Stored records
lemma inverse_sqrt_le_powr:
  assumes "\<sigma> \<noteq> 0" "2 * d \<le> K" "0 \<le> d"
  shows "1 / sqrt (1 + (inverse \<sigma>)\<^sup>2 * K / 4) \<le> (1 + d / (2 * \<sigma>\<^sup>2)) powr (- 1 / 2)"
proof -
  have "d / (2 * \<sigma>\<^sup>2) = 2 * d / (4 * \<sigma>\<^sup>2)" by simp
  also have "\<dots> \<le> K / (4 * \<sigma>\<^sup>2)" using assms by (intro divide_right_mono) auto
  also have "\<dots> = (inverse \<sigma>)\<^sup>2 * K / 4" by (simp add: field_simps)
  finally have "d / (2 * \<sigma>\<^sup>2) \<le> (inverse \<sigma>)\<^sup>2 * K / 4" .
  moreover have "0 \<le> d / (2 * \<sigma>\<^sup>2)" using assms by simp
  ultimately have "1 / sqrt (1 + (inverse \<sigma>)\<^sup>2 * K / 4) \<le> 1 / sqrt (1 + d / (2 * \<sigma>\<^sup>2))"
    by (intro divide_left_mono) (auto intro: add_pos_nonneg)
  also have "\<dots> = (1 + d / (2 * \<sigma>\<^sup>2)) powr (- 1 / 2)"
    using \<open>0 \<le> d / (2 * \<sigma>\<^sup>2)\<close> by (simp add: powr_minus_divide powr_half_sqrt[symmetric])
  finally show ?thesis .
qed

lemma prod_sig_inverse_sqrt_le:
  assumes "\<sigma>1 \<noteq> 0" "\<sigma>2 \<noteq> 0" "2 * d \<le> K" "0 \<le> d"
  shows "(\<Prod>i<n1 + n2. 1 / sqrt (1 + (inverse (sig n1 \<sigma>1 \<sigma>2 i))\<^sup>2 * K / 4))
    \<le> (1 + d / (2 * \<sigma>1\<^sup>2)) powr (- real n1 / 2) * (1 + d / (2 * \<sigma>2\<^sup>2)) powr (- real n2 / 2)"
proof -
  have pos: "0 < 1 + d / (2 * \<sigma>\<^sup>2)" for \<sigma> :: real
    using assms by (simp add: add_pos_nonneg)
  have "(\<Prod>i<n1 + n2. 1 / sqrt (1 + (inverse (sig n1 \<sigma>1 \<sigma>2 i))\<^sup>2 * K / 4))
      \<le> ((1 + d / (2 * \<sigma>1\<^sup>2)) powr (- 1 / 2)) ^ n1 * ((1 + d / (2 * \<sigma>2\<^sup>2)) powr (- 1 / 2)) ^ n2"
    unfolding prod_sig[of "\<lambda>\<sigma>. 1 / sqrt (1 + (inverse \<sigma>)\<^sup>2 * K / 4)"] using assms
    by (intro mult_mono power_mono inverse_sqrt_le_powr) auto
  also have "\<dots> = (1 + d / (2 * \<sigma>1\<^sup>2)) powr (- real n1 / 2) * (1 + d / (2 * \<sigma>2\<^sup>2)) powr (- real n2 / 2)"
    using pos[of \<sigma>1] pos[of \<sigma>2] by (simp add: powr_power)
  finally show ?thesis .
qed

• **PROBLEM STATEMENT**
The line above containing "(2 * \<sigma>\<^sup>2) \<le>", the line containing "using assms by (simp add: add_pos_nonneg)", and every line between them are to be transcribed exactly; no other line is wanted.

• **ANSWER TO THE PROBLEM**
  finally have "d / (2 * \<sigma>\<^sup>2) \<le> (inverse \<sigma>)\<^sup>2 * K / 4" .
  moreover have "0 \<le> d / (2 * \<sigma>\<^sup>2)" using assms by simp
  ultimately have "1 / sqrt (1 + (inverse \<sigma>)\<^sup>2 * K / 4) \<le> 1 / sqrt (1 + d / (2 * \<sigma>\<^sup>2))"
    by (intro divide_left_mono) (auto intro: add_pos_nonneg)
  also have "\<dots> = (1 + d / (2 * \<sigma>\<^sup>2)) powr (- 1 / 2)"
    using \<open>0 \<le> d / (2 * \<sigma>\<^sup>2)\<close> by (simp add: powr_minus_divide powr_half_sqrt[symmetric])
  finally show ?thesis .
qed

lemma prod_sig_inverse_sqrt_le:
  assumes "\<sigma>1 \<noteq> 0" "\<sigma>2 \<noteq> 0" "2 * d \<le> K" "0 \<le> d"
  shows "(\<Prod>i<n1 + n2. 1 / sqrt (1 + (inverse (sig n1 \<sigma>1 \<sigma>2 i))\<^sup>2 * K / 4))
    \<le> (1 + d / (2 * \<sigma>1\<^sup>2)) powr (- real n1 / 2) * (1 + d / (2 * \<sigma>2\<^sup>2)) powr (- real n2 / 2)"
proof -
  have pos: "0 < 1 + d / (2 * \<sigma>\<^sup>2)" for \<sigma> :: real
    using assms by (simp add: add_pos_nonneg)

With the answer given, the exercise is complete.